Text Message: Typography in the Work of Ed Ruscha
Artist Ed Ruscha’s hard-edged brand of California Pop is as singular as it is evocative of contemporary Americana. But along with the highway iconography and gauzy California light that characterize much of his work, there’s another element at the core of the artist’s oeuvre: text.
Ruscha’s first brush with art-world acclaim came in 1960s with a series of paintings of single words rendered in polished logo-like typography. Set against plain colored backgrounds, the text stood out like enigmatic messages—the words themselves easy to read, but their meanings entirely ambiguous. That intersection between text and image has been a recurring theme of Ruscha’s artistic output ever since.

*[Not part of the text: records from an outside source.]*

lemma has_second_derivative_at_taylor:
  fixes g :: "'a::real_normed_vector \<Rightarrow> real"
  assumes sd: "has_second_derivative_at g Dg D2 p" and e: "e > 0"
  shows "\<exists>d>0. \<forall>h. norm h < d \<longrightarrow>
     \<bar>g (p + h) - g p - blinfun_apply (Dg p) h - blinfun_apply (blinfun_apply D2 h) h / 2\<bar> \<le> e * (norm h)^2"
proof -
  obtain d where "d > 0"
    and g': "\<And>x. norm x < d \<Longrightarrow> ((\<lambda>x. g (p + x)) has_derivative blinfun_apply (Dg (p + x))) (at x)"
    and Dg: "\<And>x. norm x < d \<Longrightarrow> norm (Dg (p + x) - Dg p - blinfun_apply D2 x) \<le> e * norm x"
    using has_second_derivative_at_local_estimate[OF sd e] by blast
  let ?D = "\<lambda>x y. blinfun_apply (blinfun_apply D2 x) y"
  have "\<bar>g (p + h) - g p - blinfun_apply (Dg p) h - ?D h h / 2\<bar> \<le> e * (norm h)^2" if h: "norm h < d" for h
  proof -
    define G where "G x = g (p + x) - blinfun_apply (Dg p) x - ?D x x / 2" for x
    define G' where "G' x = Dg (p + x) - Dg p - blinfun_apply D2 x" for x
    have der: "(G has_derivative blinfun_apply (G' x)) (at x within cball 0 (norm h))"
      if x: "x \<in> cball 0 (norm h)" for x
    proof -
      have "((\<lambda>x. ?D x x / 2) has_derivative (\<lambda>y. (?D x y + ?D y x) / 2)) (at x)"
      proof -
        have "((\<lambda>x. ?D x x) has_derivative (\<lambda>y. ?D x y + ?D y x)) (at x)"
          by (auto intro!: derivative_eq_intros)
        from has_derivative_divide'[OF this has_derivative_const, of 2] show ?thesis
          by (auto elim!: has_derivative_eq_rhs simp: fun_eq_iff field_simps)
      qed
      with g'[of x] x h have "(G has_derivative (\<lambda>y. blinfun_apply (Dg (p + x)) y
          - blinfun_apply (Dg p) y - (?D x y + ?D y x) / 2)) (at x)"
        unfolding G_def
        by (intro derivative_intros bounded_linear_imp_has_derivative blinfun.bounded_linear_right) auto
      \<comment> \<open>By symmetry of the second derivative, the derivative of the quadratic term is \<open>D2 x\<close>.\<close>
      moreover have "blinfun_apply (G' x) = (\<lambda>y. blinfun_apply (Dg (p + x)) y - blinfun_apply (Dg p) y
          - (?D x y + ?D y x) / 2)"
        by (simp add: G'_def blinfun.diff_left fun_eq_iff has_second_derivative_at_symmetric[OF sd, of _ x])
      ultimately show ?thesis by (simp add: has_derivative_at_withinI)
    qed
    have bnd: "onorm (blinfun_apply (G' x)) \<le> e * norm h" if x: "x \<in> cball 0 (norm h)" for x
    proof -
      have "norm (G' x) \<le> e * norm x" using Dg[of x] x h by (simp add: G'_def)
      also have "\<dots> \<le> e * norm h" using x e by (simp add: mult_left_mono)
      finally show ?thesis by (simp add: norm_blinfun.rep_eq)
    qed
    have "norm (G h - G 0) \<le> e * norm h * norm (h - 0)"
      by (rule differentiable_bound[OF convex_cball der bnd]) auto
    thus ?thesis unfolding G_def by (simp add: power2_eq_square mult.assoc)
  qed
  thus ?thesis using \<open>d > 0\<close> by blast
qed

section \<open>Quadratic forms and the Schur complement\<close>

lemma linear_eq_sum_axis:
  fixes L :: "real^'n \<Rightarrow> real"
  assumes "linear L"
  shows "L x = (\<Sum>i\<in>UNIV. x$i * L (axis i 1))"
proof -
  have "L x = L (\<Sum>i\<in>UNIV. x$i *\<^sub>R axis i 1)"
    using basis_expansion[of x] by (simp add: scalar_mult_eq_scaleR)
  also have "\<dots> = (\<Sum>i\<in>UNIV. x$i * L (axis i 1))"
    using assms by (simp add: linear_sum linear_scale o_def)
  finally show ?thesis .
qed

lemma bilinear_eq_inner_matrix:
  fixes B :: "real^'n \<Rightarrow> real^'k \<Rightarrow> real"
  assumes "\<And>y. linear (\<lambda>x. B x y)" and "\<And>x. linear (B x)"
  shows "B x y = x \<bullet> ((\<chi> i j. B (axis i 1) (axis j 1)) *v y)"
proof -
  have "B x y = (\<Sum>i\<in>UNIV. x$i * B (axis i 1) y)"
    using linear_eq_sum_axis[OF assms(1)] .
  also have "\<dots> = (\<Sum>i\<in>UNIV. x$i * (\<Sum>j\<in>UNIV. y$j * B (axis i 1) (axis j 1)))"
    using linear_eq_sum_axis[OF assms(2), of "axis _ 1" y] by presburger
  also have "\<dots> = x \<bullet> ((\<chi> i j. B (axis i 1) (axis j 1)) *v y)"
    by (simp add: inner_vec_def matrix_vector_mult_def mult_ac)
  finally show ?thesis .
qed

By superimposing quotations and other deadpan sayings over landscapes, starkly lit backdrops, or flat fields of color, like title cards from film, Ruscha elevated words to the status of subject. Since 1980, he has delved deeper into this uneasy relationship with the introduction of the (now-iconic) self-designed font he calls Boy Scout Utility Modern. Inspired by the truncated edges of the Hollywood sign, the typeface is transformed as letters take the place of characters on a stage, hovering in middle distance with a three-dimensionality all their own. The result? Images that land somewhere between clarity and mystery, symbol and signifier, art and poetry.

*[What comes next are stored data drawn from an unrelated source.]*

lemma measure_log_distr_interval:
  assumes "a \<le> b"
  shows "measure log_distr {a<..b} = (LBINT z:{exp a..exp b}. z powr (c - 1) * f z) / mass"
proof -
  have "ln -` {a<..b} \<in> sets borel"
    using measurable_sets[of ln borel borel "{a<..b}"] by simp
  moreover have "AE z in lborel. indicator (ln -` {a<..b}) z * dens z = indicator {exp a..exp b} z * dens z"
    using AE_lborel_singleton[of "exp a"]
  proof eventually_elim
    case (elim z)
    show ?case
    proof (cases "0 < z")
      case True
      then have "a < ln z \<and> ln z \<le> b \<longleftrightarrow> exp a \<le> z \<and> z \<le> exp b"
        using elim by (metis exp_le_cancel_iff exp_less_cancel_iff exp_ln order_le_less)
      then show ?thesis
        by (auto simp: indicator_def)
    qed (simp add: dens_def)
  qed
  ultimately have "measure log_distr {a<..b} = (\<integral>z. indicator {exp a..exp b} z * dens z \<partial>lborel)"
    by (simp add: measure_log_distr integral_cong_AE)
  also have "\<dots> = (\<integral>z. indicator {exp a..exp b} z *\<^sub>R (z powr (c - 1) * f z) / mass \<partial>lborel)"
  proof (rule Bochner_Integration.integral_cong[OF refl])
    fix z
    have "exp a \<le> z \<Longrightarrow> 0 < z"
      using exp_gt_zero[of a] by linarith
    then show "indicator {exp a..exp b} z * dens z = indicator {exp a..exp b} z *\<^sub>R (z powr (c - 1) * f z) / mass"
      by (auto simp: dens_def indicator_def)
  qed
  finally show ?thesis
    by (simp add: set_lebesgue_integral_def)
qed

lemma char_log_distr: "char log_distr t = mellin (\<lambda>z. of_real (f z)) (Complex c t) / mass"
proof -
  have "char log_distr t = (CLINT z|density lborel (\<lambda>z. ennreal (dens z)). iexp (t * ln z))"
    unfolding char_def log_distr_def by (rule integral_distr) measurable
  also have "\<dots> = (CLINT z|lborel. dens z *\<^sub>R iexp (t * ln z))"
    by (rule integral_density) (auto simp: dens_nonneg)
  also have "\<dots> = (CLINT z|lborel. indicator {0<..} z *\<^sub>R (of_real z powr (Complex c t - 1) * of_real (f z)) / of_real mass)"
  proof (rule Bochner_Integration.integral_cong[OF refl])
    fix z :: real
    show "dens z *\<^sub>R iexp (t * ln z) = indicator {0<..} z *\<^sub>R (of_real z powr (Complex c t - 1) * of_real (f z)) / of_real mass"
    proof (cases "0 < z")
      case True
      have "Complex c t - 1 = of_real (c - 1) + \<i> * of_real t"
        by (simp add: complex_eq_iff)
      then have "of_real z powr (Complex c t - 1) = of_real z powr of_real (c - 1) * of_real z powr (\<i> * of_real t)"
        by (simp only: powr_add)
      also have "\<dots> = complex_of_real (z powr (c - 1)) * iexp (t * ln z)"
        using True powr_of_real[of z "c - 1"] of_real_powr_eq_exp_ln[of z "\<i> * of_real t"]
        by (simp add: mult_ac)
      finally show ?thesis
        using True by (simp add: dens_def scaleR_conv_of_real)
    qed (simp add: dens_def)
  qed
  also have "\<dots> = mellin (\<lambda>z. of_real (f z)) (Complex c t) / mass"
    by (simp add: mellin_def set_lebesgue_integral_def)
  finally show ?thesis .
qed

lemma mass_gt_0: "0 < mass"
  using mass_pos by (simp add: mass_def)

lemma mellin_line_measurable [measurable]:
  "(\<lambda>t. mellin (\<lambda>z. of_real (f z)) (Complex c t)) \<in> borel_measurable borel"
  using borel_measurable_integrable[OF integrable_mellin] by simp
(* Let $\alpha,\beta,\gamma,\delta\in\mathbb{C}$ be parameters for which all gamma functions and hypergeometric functions below are well-defined, and let $f(z)=f(\alpha,\beta,\gamma,\delta;z)$ be defined for $z\in\mathbb{C}\setminus\{0\}$ by $$f(\alpha,\beta,\gamma,\delta;z)=\sum_{\nu=0}^{\infty}\frac{z^{-\nu}\Gamma(\alpha+\gamma+\nu)}{\nu!\,\Gamma(\beta+\nu)}\,E\left(\begin{matrix}\alpha+1,&\beta+\nu\\ \delta,&\beta+1+\nu\end{matrix};z\right).$$ Then for all $z\neq 0$, $$-z f'(z)+\beta f(z)=E(\alpha+1;\delta;z)\,E(\alpha+\gamma;\beta;-z).$$
   Context: For complex parameters $a_1,\dots,a_p$, $b_1,\dots,b_q$ with $p\le q$ and $z\in\mathbb{C}\setminus\{0\}$, the MacRobert $E$-function is $$E\left(\begin{matrix}a_1,\dots,a_p\\ b_1,\dots,b_q\end{matrix};z\right)=\frac{\prod_{j=1}^p\Gamma(a_j)}{\prod_{j=1}^q\Gamma(b_j)}\,{}_pF_q\left(\begin{matrix}a_1,\dots,a_p\\ b_1,\dots,b_q\end{matrix};-\frac1z\right),$$ where ${}_pF_q$ is the generalized hypergeometric function. In particular $E(a;b;z)=\frac{\Gamma(a)}{\Gamma(b)}M(a;b;-1/z)$ with $M={}_1F_1$ Kummer's function. *)

theory Defs
  imports "HOL-Analysis.Analysis"
begin

definition hypF :: "complex list \<Rightarrow> complex list \<Rightarrow> complex \<Rightarrow> complex" where
  "hypF as bs z = (\<Sum>n. (prod_list (map (\<lambda>a. pochhammer a n) as)
                        / prod_list (map (\<lambda>b. pochhammer b n) bs)) * z ^ n / fact n)"

definition MacRobertE :: "complex list \<Rightarrow> complex list \<Rightarrow> complex \<Rightarrow> complex" where
  "MacRobertE as bs z = prod_list (map Gamma as) / prod_list (map Gamma bs)
                        * hypF as bs (- 1 / z)"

In the lithograph Mark Twain Quote from 2012, Ruscha takes his ongoing relationship with text and image to an even more meta dimension. Here, he “borrows” from an artistic predecessor, while casting doubt on the very idea of the ownership of ideas with his dubious citation. Regardless, as the viewer reads English—or German, as in the case of the shadow cast by the letters—the image holds fast as a visual statement. Layers of meaning are wrapped up in a sleek visual package as language dissolves into form.